The Cottonwood

When I’m visit my hometown, I like to go for walks with my parents
They live on the eastern edge of South Dakota, where the Big Sioux runs down to meet the Missouri. There’s a wooded peninsula between the two rivers. A quiet area full of cottonwoods. We see deer, Baltimore orioles, and the occasional pileated woodpecker working a dead trunk. It is kind of quiet place that empties my head.
On our last walk, we found a stump. Huge — wider across than I expected, the kind of trunk you stop and put your hand on. Given where it stood, in the sandy ground between two rivers, I’m certain it was a cottonwood.
Cottonwoods are among the fastest-growing hardwoods on the continent, They thrive in the sandy soil of the region. From the size of it, I’d guess close to a century old, give or take.
At that age, it was a sapling around the First World War and the 1918 influenza pandemic. It was already decades old before there were antibiotics. When it gained measureable height, insulin hadn’t been discovered, and the idea of operating on a beating human heart was unthinkable. It stood through the second war, the interstates, the moon landing, and COVID.
One tree, alive long enough to share the planet with MRI scanners, heart transplants, pig-to-human transplants, genomic medicine, and the start of the AI boom.
My first reaction, standing there, was sadness. It most likely went down in the 2024 flood. It was a record breaking 1,000 year flood that covered this peninsula in feet of water.
And I caught myself asking the reflex question. What went wrong? What made it fail?
As I've thought about it more, sadness was the wrong reaction.

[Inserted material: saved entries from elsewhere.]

(* Put u = 2 exp(-\<delta> \<tau>) - 1; as \<tau> runs through [0, tau_bar) the value
   u decreases through (\<delta>/\<beta>(0), 1].  Set y = beta_inv(\<delta>/u), so that \<beta>(y) = \<delta>/u and
   y increases through [0, y_\<delta>] with y_\<delta> = beta_inv(\<delta>).  Since exp(-\<delta> \<tau>) = (u+1)/2,
   the expression of the theorem equals u * G(y) with
       G(y) = 2 \<beta>(y) + 2 \<beta>(y)^2 / \<delta> + \<chi>(y).
   By (H1) G is strictly decreasing on [0, y_\<delta>]; G(0) > 0 because \<chi>(0) = 0, and
   G(y_\<delta>) < 0 is (H2).  Hence G changes sign exactly once, at some y_s, and the
   expression is negative iff y > y_s, i.e. iff \<tau> < \<tau>_s, where \<tau>_s is the time at
   which u = \<delta>/\<beta>(y_s). *)

text \<open>By the intermediate value theorem a continuous function on [0,\<infinity>) tending
  to 0 attains every value in (0, \<beta> 0]; hence beta_inv is a right inverse of \<beta>
  there, with values in [0,\<infinity>).\<close>
lemma beta_inv_right_inverse:
  fixes \<beta> :: "real \<Rightarrow> real"
  assumes cont: "continuous_on {0..} \<beta>"
    and lim: "(\<beta> \<longlongrightarrow> 0) at_top"
    and v: "0 < v" "v \<le> \<beta> 0"
  shows "\<beta> (beta_inv \<beta> v) = v" and "beta_inv \<beta> v \<ge> 0"
proof -
  have "eventually (\<lambda>x. \<beta> x < v) at_top"
    using lim v(1) by (rule order_tendstoD)
  then obtain N where N: "\<And>x. x \<ge> N \<Longrightarrow> \<beta> x < v"
    by (auto simp: eventually_at_top_linorder)
  define b where "b = max N 0"
  have "\<beta> b \<le> v" "0 \<le> b"
    using N[of b] by (simp_all add: b_def)
  moreover have "continuous_on {0..b} \<beta>"
    using cont by (rule continuous_on_subset) auto
  ultimately obtain x where "0 \<le> x" "\<beta> x = v"
    using IVT2'[of \<beta> b v 0] v by auto
  then have "v \<in> \<beta> ` {0..}" by auto
  then show "\<beta> (beta_inv \<beta> v) = v" and "beta_inv \<beta> v \<ge> 0"
    using inv_into_into[of v \<beta> "{0..}"] f_inv_into_f[of v \<beta> "{0..}"]
    unfolding beta_inv_def by auto
qed

lemma decreasing_sign_change:
  fixes g :: "real \<Rightarrow> real"
  assumes "a \<le> b" and cont: "continuous_on {a..b} g"
    and dec: "\<And>x y. a \<le> x \<Longrightarrow> x < y \<Longrightarrow> y \<le> b \<Longrightarrow> g y < g x"
    and ga: "g a > 0" and gb: "g b < 0"
  shows "\<exists>c. a < c \<and> c < b \<and> (\<forall>y. a \<le> y \<and> y \<le> b \<longrightarrow> (g y < 0 \<longleftrightarrow> c < y))"
proof -
  obtain c where c: "a \<le> c" "c \<le> b" "g c = 0"
    using IVT2'[of g b 0 a] \<open>a \<le> b\<close> cont ga gb by auto
  have "a < c" "c < b"
    using c ga gb by (auto simp: order_le_less)
  moreover have "g y < 0 \<longleftrightarrow> c < y" if "a \<le> y" "y \<le> b" for y
    using dec[of c y] dec[of y c] c that by (cases y c rule: linorder_cases) auto
  ultimately show ?thesis by blast
qed

lemma two_exp_minus_one_gt_iff:
  fixes \<delta> w \<tau> :: real
  assumes "\<delta> > 0" and "w > -1"
  shows "w < 2 * exp (- \<delta> * \<tau>) - 1 \<longleftrightarrow> \<tau> < - ln ((w + 1) / 2) / \<delta>"
proof -
  have level_pos: "0 < (w + 1) / 2"
    using assms(2) by simp
  have "w < 2 * exp (- \<delta> * \<tau>) - 1 \<longleftrightarrow> (w + 1) / 2 < exp (- \<delta> * \<tau>)"
    by (simp add: field_simps)
  also have "\<dots> \<longleftrightarrow> ln ((w + 1) / 2) < - \<delta> * \<tau>"
    by (metis exp_less_cancel_iff exp_ln[OF level_pos])
  also have "\<dots> \<longleftrightarrow> \<tau> < - ln ((w + 1) / 2) / \<delta>"
    using pos_less_divide_eq[of \<delta> \<tau> "- ln ((w + 1) / 2)"] assms(1) by (auto simp: mult.commute)
  finally show ?thesis .
qed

It didn’t die because it was weak. It died because it lived exactly the way a cottonwood is built to live — rooted on the restless edge of the water, holding the bank together, giving shade and shelter to whatever needed it — until a flood, or the slow decay of time crossed a line it was always going to cross eventually. It didn’t fail at being a tree. It was a tree, completely, for a hundred years.

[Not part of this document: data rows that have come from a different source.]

lemma tri_comp_zero:
  assumes t: "(X, Y, Z, f, g, h) \<in> Tri C"
  shows "Cmp C g f = Zero C X Z"
proof -
  have f: "f \<in> Hom C X Y" and X: "X \<in> Obj C" using tri_homs[OF t] hom_objs by auto
  obtain Oz where Oz: "zero_obj C Oz" using ex_zero_obj by blast
  obtain w where "tri_mor C (X, X, Oz, Id C X, Zero C X Oz, Zero C Oz (Sh C X)) (X, Y, Z, f, g, h)
      (Id C X) f w"
    using tri_mor_exists[OF tri_identity[OF X Oz] t id_hom[OF X] f] f by auto
  hence "w \<in> Hom C Oz Z" and "Cmp C w (Zero C X Oz) = Cmp C g f" unfolding tri_mor_def by auto
  thus ?thesis using X by simp
qed

lemma tri_comp_zero_shift:
  assumes t: "(X, Y, Z, f, g, h) \<in> Tri C"
  shows "Cmp C (ShM C f) h = Zero C Z (Sh C Y)"
proof -
  have f: "f \<in> Hom C X Y" and h: "h \<in> Hom C Z (Sh C X)" using tri_homs[OF t] by auto
  have "Cmp C (Neg C (ShM C f)) h = Zero C Z (Sh C Y)"
    using tri_comp_zero[OF tri_rotate[OF tri_rotate[OF t]]] .
  hence "Neg C (Cmp C (ShM C f) h) = Zero C Z (Sh C Y)" using neg_comp[OF shift_hom[OF f] h] by simp
  thus ?thesis using zero_if_neg_zero comp_hom[OF h shift_hom[OF f]] by blast
qed

lemma tri_lift:
  assumes t: "(X, Y, Z, f, g, h) \<in> Tri C" and y: "y \<in> Hom C D Y" and gy: "Cmp C g y = Zero C D Z"
  obtains w where "w \<in> Hom C D X" and "Cmp C f w = y"
proof -
  have f: "f \<in> Hom C X Y" and g: "g \<in> Hom C Y Z" using tri_homs[OF t] by auto
  have D: "D \<in> Obj C" and X: "X \<in> Obj C" and Z: "Z \<in> Obj C" using y f g hom_objs by auto
  obtain Oz where Oz: "zero_obj C Oz" using ex_zero_obj by blast
  have Ozo: "Oz \<in> Obj C" using Oz unfolding zero_obj_def by blast
  have "Cmp C (Zero C Oz Z) (Zero C D Oz) = Cmp C g y" using gy Z D Ozo zero_hom by simp
  then obtain w where "tri_mor C (D, Oz, Sh C D, Zero C D Oz, Zero C Oz (Sh C D), Neg C (ShM C (Id C D)))
      (Y, Z, Sh C X, g, h, Neg C (ShM C f)) y (Zero C Oz Z) w"
    using tri_mor_exists[OF tri_rotate[OF tri_identity[OF D Oz]] tri_rotate[OF t] y] Ozo Z by blast
  hence w: "w \<in> Hom C (Sh C D) (Sh C X)"
    and sq: "Cmp C (ShM C y) (Neg C (ShM C (Id C D))) = Cmp C (Neg C (ShM C f)) w"
    unfolding tri_mor_def by auto
  have sy: "ShM C y \<in> Hom C (Sh C D) (Sh C Y)" and sf: "ShM C f \<in> Hom C (Sh C X) (Sh C Y)"
    using y f by blast+
  have "Neg C (ShM C y) = Neg C (Cmp C (ShM C f) w)"
    using sq neg_comp[OF sf w] comp_neg[OF id_hom[OF shift_obj[OF D]] sy] shift_id[OF D] sy
    by simp
  hence "ShM C y = Cmp C (ShM C f) w" by (metis neg_neg sy comp_hom w sf)
  obtain w' where w': "w' \<in> Hom C D X" and "ShM C w' = w" using shift_full[OF D X w] by blast
  hence "ShM C y = ShM C (Cmp C f w')" using \<open>ShM C y = _\<close> shift_comp[OF w' f] by simp
  hence "Cmp C f w' = y" using shift_inj[OF y comp_hom[OF w' f]] by simp
  thus ?thesis using that w' by blast
qed

lemma tri_extend:
  assumes t: "(X, Y, Z, f, g, h) \<in> Tri C" and y: "y \<in> Hom C Y D" and yf: "Cmp C y f = Zero C X D"
  obtains w where "w \<in> Hom C Z D" and "Cmp C w g = y"
proof -
  have f: "f \<in> Hom C X Y" and g: "g \<in> Hom C Y Z" using tri_homs[OF t] by auto
  have D: "D \<in> Obj C" and X: "X \<in> Obj C" using y f hom_objs by auto
  obtain Oz where "zero_obj C Oz" using ex_zero_obj by blast
  then obtain K \<alpha> h' where "(K, D, D, \<alpha>, Id C D, h') \<in> Tri C"
    using tri_desuspend[OF tri_identity[OF D]] by metis
  moreover from this have "\<alpha> \<in> Hom C K D" and "K \<in> Obj C" using tri_homs hom_objs by blast+
  moreover from this have "Cmp C y f = Cmp C \<alpha> (Zero C X K)" using yf X by simp
  ultimately obtain w where "tri_mor C (X, Y, Z, f, g, h) (K, D, D, \<alpha>, Id C D, h') (Zero C X K) y w"
    using tri_mor_exists[OF t] X y by blast
  hence "w \<in> Hom C Z D" and "Cmp C w g = y" unfolding tri_mor_def using y by auto
  thus ?thesis using that by blast
qed

text \<open>The connecting morphism l vanishes because s[1] l = 0 and s[1] has the retraction r[1].\<close>
lemma tri_section_split:
  assumes t: "(R, A, K, s, k, l) \<in> Tri C" and r: "r \<in> Hom C A R" and rs: "Cmp C r s = Id C R"
  obtains t where "t \<in> Hom C K A" and "Cmp C k t = Id C K"
proof -
  have s: "s \<in> Hom C R A" and k: "k \<in> Hom C A K" and l: "l \<in> Hom C K (Sh C R)"
    using tri_homs[OF t] by auto
  have R: "R \<in> Obj C" and K: "K \<in> Obj C" using s k hom_objs by auto
  have "Cmp C (ShM C r) (ShM C s) = Id C (Sh C R)" using shift_comp[OF s r] rs shift_id[OF R] by simp
  hence "l = Cmp C (Cmp C (ShM C r) (ShM C s)) l" using l by simp
  also have "\<dots> = Cmp C (ShM C r) (Cmp C (ShM C s) l)"
    using comp_assoc[OF l shift_hom[OF s] shift_hom[OF r]] by simp
  also have "\<dots> = Zero C K (Sh C R)" using tri_comp_zero_shift[OF t] shift_hom[OF r] K by simp
  finally have "Cmp C l (Id C K) = Zero C K (Sh C R)" using l by simp
  thus ?thesis using tri_lift[OF tri_rotate[OF t] id_hom[OF K]] that by blast
qed

lemma tri_section_complement:
  assumes t: "(R, A, K, s, k, l) \<in> Tri C" and r: "r \<in> Hom C A R" and rs: "Cmp C r s = Id C R"
  obtains i where "i \<in> Hom C K A" and "Cmp C k i = Id C K" and "Cmp C r i = Zero C K R"
proof -
  have s: "s \<in> Hom C R A" and k: "k \<in> Hom C A K" using tri_homs[OF t] by auto
  have K: "K \<in> Obj C" using k hom_objs by auto
  obtain t where t_hom: "t \<in> Hom C K A" and kt: "Cmp C k t = Id C K"
    using tri_section_split[OF t r rs] by blast
  define i where "i = Add C t (Neg C (Cmp C s (Cmp C r t)))"
  have rt: "Cmp C r t \<in> Hom C K R" using r t_hom by blast
  have srt: "Cmp C s (Cmp C r t) \<in> Hom C K A" using rt s by blast
  have "Cmp C r (Cmp C s (Cmp C r t)) = Cmp C r t" using comp_assoc[OF rt s r] rs rt by simp
  hence "Cmp C r i = Zero C K R"
    unfolding i_def using comp_add_left[OF t_hom neg_hom[OF srt] r] comp_neg[OF srt r] add_neg[OF rt]
    by simp
  moreover have "Cmp C k (Cmp C s (Cmp C r t)) = Zero C K K"
    using comp_assoc[OF rt s k] tri_comp_zero[OF t] rt K by simp
  hence "Cmp C k i = Id C K"
    unfolding i_def using comp_add_left[OF t_hom neg_hom[OF srt] k] comp_neg[OF srt k] kt
      add_zero_right[OF id_hom[OF K]] neg_zero[OF K K] by simp
  moreover have "i \<in> Hom C K A" unfolding i_def using t_hom srt by blast
  ultimately show ?thesis using that by blast
qed

lemma section_biprod:
  assumes r: "r \<in> Hom C A R" and s: "s \<in> Hom C R A" and rs: "Cmp C r s = Id C R"
  shows "\<exists>K i p. biprod C R K A s i r p"
proof -
  obtain K k l where t: "(R, A, K, s, k, l) \<in> Tri C" using tri_cone_exists[OF s] by blast
  have k: "k \<in> Hom C A K" and ks: "Cmp C k s = Zero C R K" using tri_homs[OF t] tri_comp_zero[OF t] by auto
  have R: "R \<in> Obj C" and A: "A \<in> Obj C" and K: "K \<in> Obj C" using s k hom_objs by auto
  obtain i where i: "i \<in> Hom C K A" and ki: "Cmp C k i = Id C K" and ri: "Cmp C r i = Zero C K R"
    using tri_section_complement[OF t r rs] by blast
  \<comment> \<open>e is killed by k, so e = s m, and then m = r e = 0\<close>
  define e where "e = Add C (Id C A) (Neg C (Add C (Cmp C s r) (Cmp C i k)))"
  have sr: "Cmp C s r \<in> Hom C A A" and ik: "Cmp C i k \<in> Hom C A A" using s r i k by blast+
  have sum: "Add C (Cmp C s r) (Cmp C i k) \<in> Hom C A A" using sr ik by blast
  have e: "e \<in> Hom C A A" unfolding e_def using sum A by blast
  have "Cmp C k e = Add C k (Neg C (Add C (Cmp C (Cmp C k s) r) (Cmp C (Cmp C k i) k)))"
    unfolding e_def comp_id_minus[OF sum k] comp_add_left[OF sr ik k]
      comp_assoc[OF r s k] comp_assoc[OF k i k] ..
  also have "\<dots> = Zero C A K" using ks ki r k K add_zero_left[OF k] add_neg[OF k] by simp
  finally obtain m where m: "m \<in> Hom C A R" and sm: "Cmp C s m = e"
    using tri_lift[OF t e] by blast
  have "Cmp C r e = Add C r (Neg C (Add C (Cmp C (Cmp C r s) r) (Cmp C (Cmp C r i) k)))"
    unfolding e_def comp_id_minus[OF sum r] comp_add_left[OF sr ik r]
      comp_assoc[OF r s r] comp_assoc[OF k i r] ..
  also have "\<dots> = Zero C A R" using rs ri r k R add_zero_right[OF r] add_neg[OF r] by simp
  finally have "m = Zero C A R" using sm comp_assoc[OF m s r] rs m by simp
  hence "e = Zero C A A" using sm s A by simp
  hence "Add C (Cmp C s r) (Cmp C i k) = Id C A"
    using eq_if_diff_zero[OF id_hom[OF A] sum] unfolding e_def by simp
  thus ?thesis unfolding biprod_def using s i r k rs ki ks ri by blast
qed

I’ve been turning that over since. The rings are still there in the cut face — one for every year, a life recorded, even if they can’t tell you a single thing the tree actually saw. Time, held in wood.
So here’s what I brought home, and I’ll just say it plainly. How do you want to live? Not how do you want to avoid breaking — that’s the reflex question, the one I caught myself asking the stump. How do you want to live, knowing that eventual breaking is part of the deal?
Most of us chose medicine for real reasons. It gives purpose, a great living, and on the good days fulfillment. It also takes, and we know what it takes. The work I keep coming back to, for the physicians I coach, and honestly for myself, is holding those two things at once. The living you’re making. The life you actually want recorded.
The tree didn’t get to choose. We do.